Num type class operations in Haskell?

Question

I'm trying to write an interpreter in Haskell (to be precise, I'm following the book Write Yourself a Scheme in 48 Hours). I try to add float arithmetic to the interpreter. Now I have the following code:

data LispVal = Number Integer
             | Float Float
             deriving(Show, Eq)

doNumeric :: (Num a) => (a -> a -> a) -> LispVal -> LispVal -> LispVal
doNumeric op (Number a) (Number b) = Number $ a `op` b
doNumeric op (Float a) (Number b) = Float $ a `op` (fromIntegral b)
doNumeric op (Number a) (Float b) = Float $ (fromIntegral a) `op` b
doNumeric op (Float a) (Float b) = Float $ a `op` b

In this way, I hope to construct numeric operations like addition, subtraction, multiplication and division simply by means like: doNumeric (+), doNumeric (-).. etc. so that I do not need to write code for doMul, doAdd etc.
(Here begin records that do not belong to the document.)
(* Let $d\ge2$, $2\le m\le d$, $\boldsymbol{x},\boldsymbol{y}\in\mathbb{R}^d$ and $v=\|\boldsymbol{x}+\boldsymbol{y}\|_2$. For the orthogonal coupling (ORFs), $$\rho_{\mathrm{ORF}}(\boldsymbol{x},\boldsymbol{y})=\frac{\Gamma(\frac d2)}{\Gamma(d)}\sum_{k=0}^\infty\frac{v^{2k}}{2^kk!}\frac{\Gamma(k+d)}{\Gamma(k+\frac d2)},$$ and for the simplex coupling (SimRFs), $$\rho_{\mathrm{SimRF}}(\boldsymbol{x},\boldsymbol{y})=\frac{\sqrt\pi}{\Gamma(\frac d2)2^{d-1}}\sum_{k=0}^\infty\frac{\Gamma(k+d)}{\Gamma(k+\frac d2)}\frac{v^{2k}}{2^k}\sum_{p=0}^k\Big(-\frac{1}{d-1}\Big)^p\frac{\Gamma(\frac{d+p}{2})}{\Gamma(\frac{d+p+1}{2})}\frac{1}{(k-p)!\,p!}.$$
   Context: RF-conformity of random vectors $\boldsymbol{w}_1,\dots,\boldsymbol{w}_m$: $\rho(\boldsymbol{x},\boldsymbol{y})=\frac{\Gamma(d/2)}{m(m-1)}\sum_{i}\sum_{j\ne i}\mathbb{E}\big(\sum_{k\ge0}\frac{v^{2k}w_{ij}^{2k}}{2^{2k}k!\,\Gamma(k+d/2)}\big)$, $w_{ij}=\|\boldsymbol{w}_i+\boldsymbol{w}_j\|_2$. Let $w_1,\dots,w_d$ be i.i.d. $\chi_d$ and $\mathbf{R}$ Haar-distributed on $\mathrm{O}(d)$, independent. ORFs: $\boldsymbol{w}_i$ ($i\le m$) are rows of $\mathrm{diag}(w_1,\dots,w_d)\mathbf{R}$ (mutually orthogonal directions). SimRFs: $\boldsymbol{w}_i$ ($i\le m$) are rows of $\mathrm{diag}(w_1,\dots,w_d)\mathbf{S}\mathbf{R}$, where $\mathbf{S}$ has rows $\boldsymbol{s}_i=\sqrt{\frac{d}{d-1}}\mathbf{e}_i-\frac{\sqrt d+1}{(d-1)^{3/2}}(1,\dots,1,0)^\top$ ($1\le i<d$), $\boldsymbol{s}_d=\frac{1}{\sqrt{d-1}}(1,\dots,1,0)^\top$; these are unit vectors with pairwise inner product $-\frac1{d-1}$. *)

theory Defs
  imports "HOL-Probability.Probability"
begin

definition chi_density :: "nat \<Rightarrow> real \<Rightarrow> real" where
  "chi_density d x = (if x > 0 then x ^ (d - 1) * exp (- (x\<^sup>2) / 2)
       / (2 powr (real d / 2 - 1) * Gamma (real d / 2)) else 0)"

text \<open>Haar probability measure on the orthogonal group O(d), seen as a measure on
  d x d real matrices: a Borel probability measure concentrated on the orthogonal
  matrices and invariant under left multiplication by orthogonal matrices.\<close>
definition orth_haar :: "(real^'n^'n) measure \<Rightarrow> bool" where
  "orth_haar N \<longleftrightarrow> prob_space N \<and> sets N = sets borel
     \<and> emeasure N {R. orthogonal_matrix R} = 1
     \<and> (\<forall>Q. orthogonal_matrix Q \<longrightarrow> distr N borel (\<lambda>R. Q ** R) = N)"

text \<open>Coordinates are enumerated by e : {0..<d} -> 'n, so
  coordinate number i (1-based i+1) is e i; the last coordinate is e (d-1).
  Row e i (i < d-1) is s_{i+1}; row e (d-1) is s_d.\<close>
definition simplex_matrix :: "(nat \<Rightarrow> 'n::finite) \<Rightarrow> real^'n^'n" where
  "simplex_matrix e = (\<chi> r.
     (let d = real CARD('n);
          u = (\<chi> k. if k = e (CARD('n) - 1) then 0 else (1::real))
      in if r = e (CARD('n) - 1) then (1 / sqrt (d - 1)) *\<^sub>R u
         else sqrt (d / (d - 1)) *\<^sub>R axis r 1 - ((sqrt d + 1) / (d - 1) powr (3/2)) *\<^sub>R u))"

definition rf_kernel :: "nat \<Rightarrow> real \<Rightarrow> real \<Rightarrow> real" where
  "rf_kernel d v w = (\<Sum>k. v ^ (2*k) * w ^ (2*k)
       / (2 ^ (2*k) * fact k * Gamma (real k + real d / 2)))"

definition rf_conformity ::
  "'a measure \<Rightarrow> nat \<Rightarrow> nat \<Rightarrow> real \<Rightarrow> (nat \<Rightarrow> 'a \<Rightarrow> real^'n) \<Rightarrow> real" where
  "rf_conformity M d m v wv = Gamma (real d / 2) / (real m * (real m - 1)) *
     (\<Sum>i<m. \<Sum>j\<in>{..<m} - {i}.
        integral\<^sup>L M (\<lambda>\<omega>. rf_kernel d v (norm (wv i \<omega> + wv j \<omega>))))"

definition orf_vecs ::
  "('n \<Rightarrow> 'a \<Rightarrow> real) \<Rightarrow> ('a \<Rightarrow> real^'n^'n) \<Rightarrow> (nat \<Rightarrow> 'n) \<Rightarrow> nat \<Rightarrow> 'a \<Rightarrow> real^'n" where
  "orf_vecs W R e i \<omega> = W (e i) \<omega> *\<^sub>R (R \<omega> $ e i)"

definition simrf_vecs ::
  "('n \<Rightarrow> 'a \<Rightarrow> real) \<Rightarrow> ('a \<Rightarrow> real^'n^'n) \<Rightarrow> (nat \<Rightarrow> 'n::finite) \<Rightarrow> nat \<Rightarrow> 'a \<Rightarrow> real^'n" where
  "simrf_vecs W R e i \<omega> = W (e i) \<omega> *\<^sub>R ((simplex_matrix e ** R \<omega>) $ e i)"

end

theory Submission
  imports Defs
begin

text \<open>
  For an orthogonal matrix R and a matrix S with unit rows s_p, s_q, the rows of S R satisfy
  |a (S R)_p + b (S R)_q|^2 = a^2 + b^2 + 2 c a b with c = <s_p, s_q>; here c = 0 for ORFs
  (S = identity) and c = -1/(d-1) for SimRFs. So R drops out and each summand of the
  RF-conformity is the expectation of a power series in Q_c(A, B) = A^2 + B^2 + 2 c A B for two
  independent chi_d variables A, B. Expanding Q_c^k binomially turns E Q_c^k into a combination
  of chi moments E A^s = 2^(s/2) Gamma((d+s)/2) / Gamma(d/2); the inner sums collapse by the
  Vandermonde identity for rising factorials, and Legendre's duplication formula produces the
  ratios Gamma((d+p)/2) / Gamma((d+p+1)/2). Expectation and series may be exchanged by dominated
  convergence: Q_c <= 2 Q_0 bounds E Q_c^k by 4^k Gamma(d+k) / Gamma(d), which gives a
  convergent majorant.
\<close>

section \<open>Gamma function identities\<close>

lemma Gamma_plus1_real: "(x::real) > 0 \<Longrightarrow> Gamma (x + 1) = x * Gamma x"
  by (rule Gamma_plus1) (auto dest: nonpos_Ints_nonpos)

lemma Gamma_duplication_nat:
  assumes "n \<ge> 1"
  shows "Gamma (real n / 2) * Gamma ((real n + 1) / 2) * 2 ^ (n - 1) = sqrt pi * Gamma (real n)"
  using assms
proof (induction n rule: nat_induct_at_least)
  case base
  then show ?case by (simp add: Gamma_one_half_real)
next
  case (Suc n)
  have "Gamma (real (Suc n) / 2) * Gamma ((real (Suc n) + 1) / 2) * 2 ^ (Suc n - 1)
      = Gamma ((real n + 1) / 2) * Gamma (real n / 2 + 1) * (2 * 2 ^ (n - 1))"
    using Suc.hyps by (simp add: add_divide_distrib ac_simps flip: power_Suc)
  also have "\<dots> = real n * (Gamma (real n / 2) * Gamma ((real n + 1) / 2) * 2 ^ (n - 1))"
    using Suc.hyps by (simp add: Gamma_plus1_real)
  also have "\<dots> = real n * (sqrt pi * Gamma (real n))"
    by (simp only: Suc.IH)
  also have "\<dots> = sqrt pi * Gamma (real n + 1)"
    using Suc.hyps by (simp add: Gamma_plus1_real)
  finally show ?case by (simp add: add.commute)
qed

lemma Gamma_nat_plus_half: "Gamma (real k + 1/2) = sqrt pi * fact (2*k) / (4^k * fact k)"
proof -
  have halves: "real (2*k+1) / 2 = real k + 1/2" "(real (2*k+1) + 1) / 2 = 1 + real k"
    by (simp_all add: field_simps)
  have "Gamma (real k + 1/2) * Gamma (1 + real k) * 2 ^ (2*k) = sqrt pi * Gamma (1 + real (2*k))"
    using Gamma_duplication_nat[of "2*k+1", unfolded halves] by (simp add: add.commute)
  moreover have "(2::real) ^ (2*k) = 4 ^ k"
    unfolding power_mult by simp
  ultimately show ?thesis by (simp only: Gamma_fact) (simp add: field_simps)
qed

lemma Gamma_binomial_sum:
  assumes "(a::real) > 0"
  shows "(\<Sum>q\<le>n. real (n choose q) * Gamma (a + real q) * Gamma (a + real (n - q)))
     = Gamma a ^ 2 * Gamma (2*a + real n) / Gamma (2*a)"
proof -
  have Gamma_pochhammer: "Gamma (b + real j) = Gamma b * pochhammer b j" if "b > 0" for b :: real and j
  proof -
    have "b \<notin> \<int>\<^sub>\<le>\<^sub>0" using that by (auto dest: nonpos_Ints_nonpos)
    then show ?thesis using pochhammer_Gamma[of b j] Gamma_real_pos[OF that] by (simp add: field_simps)
  qed
  have "(\<Sum>q\<le>n. real (n choose q) * Gamma (a + real q) * Gamma (a + real (n - q)))
      = Gamma a ^ 2 * (\<Sum>q\<le>n. real (n choose q) * pochhammer a q * pochhammer a (n - q))"
    unfolding sum_distrib_left
  proof (intro sum.cong refl)
    fix q
    show "real (n choose q) * Gamma (a + real q) * Gamma (a + real (n - q)) =
        Gamma a ^ 2 * (real (n choose q) * pochhammer a q * pochhammer a (n - q))"
      unfolding Gamma_pochhammer[OF assms] by (simp add: power2_eq_square)
  qed
  also have "(\<Sum>q\<le>n. real (n choose q) * pochhammer a q * pochhammer a (n - q)) = pochhammer (a + a) n"
    by (rule pochhammer_binomial_sum[symmetric])
  also have "\<dots> = pochhammer (2*a) n"
    by simp
  also have "\<dots> = Gamma (2*a + real n) / Gamma (2*a)"
  proof -
    have "0 < 2*a" using assms by simp
    then have "Gamma (2*a) \<noteq> 0" by (metis Gamma_real_pos less_irrefl)
    then show ?thesis using Gamma_pochhammer[of "2*a" n] \<open>0 < 2*a\<close> by simp
  qed
  finally show ?thesis by simp
qed

section \<open>Moments of the chi distribution\<close>

lemma gaussian_half_moment:
  "has_bochner_integral lborel (\<lambda>x::real. indicator {0..} x *\<^sub>R (exp (-x\<^sup>2) * x^n))
     (Gamma ((real n + 1)/2) / 2)"
proof (cases "even n")
  case True
  then obtain k where n: "n = 2*k" by auto
  have "Gamma ((real n + 1)/2) / 2 = (sqrt pi / 2) * (fact (2*k) / (2 ^ (2*k) * fact k))"
    by (simp add: n add_divide_distrib Gamma_nat_plus_half power_mult)
  then show ?thesis using gaussian_moment_even_pos[of k] by (simp only: n)
next
  case False
  then obtain k where n: "n = 2*k + 1" using oddE by blast
  have "(real n + 1)/2 = 1 + real k" by (simp add: n)
  then have "Gamma ((real n + 1)/2) / 2 = fact k / 2" by (simp only: Gamma_fact)
  then show ?thesis using gaussian_moment_odd_pos[of k] by (simp only: n)
qed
But regarding the code above, GHC complains that:

Couldn't match type `Integer' with `Float'
Expected type: a
  Actual type: Float
In the first argument of `op', namely `a'
In the second argument of `($)', namely `a `op` (fromIntegral b)'
In the expression: Float $ a `op` (fromIntegral b)

So if I want op to take an operation that is present in Num type class, what should I do? How can I make the above code typecheck?

Answer 1

The problem is that you are trying to apply a function op with type a -> a -> a to a specific type. What your signature says is "op is a binary operator on a specific type a". That is, a is determined by the function that is passed in, and it may not be Integer or Float. (It's a bit odd that GHC gives you the warning on the second definition, but if you comment out the last three, you'll see it also gives it when you just define doNumeric for two Numbers.)

The way you are using op, you really need a rank 2 type:

{-# LANGUAGE RankNTypes #-}

doNumeric :: (forall a . (Num a) => a -> a -> a) -> LispVal -> LispVal -> LispVal
doNumeric op (Number a) (Number b) = Number $ a `op` b
...

What this means is that op is guaranteed to work for any Num type a, which I suspect is what you are going for. Hence you can call doNumeric with (+), but not with f :: Int -> Int -> Int.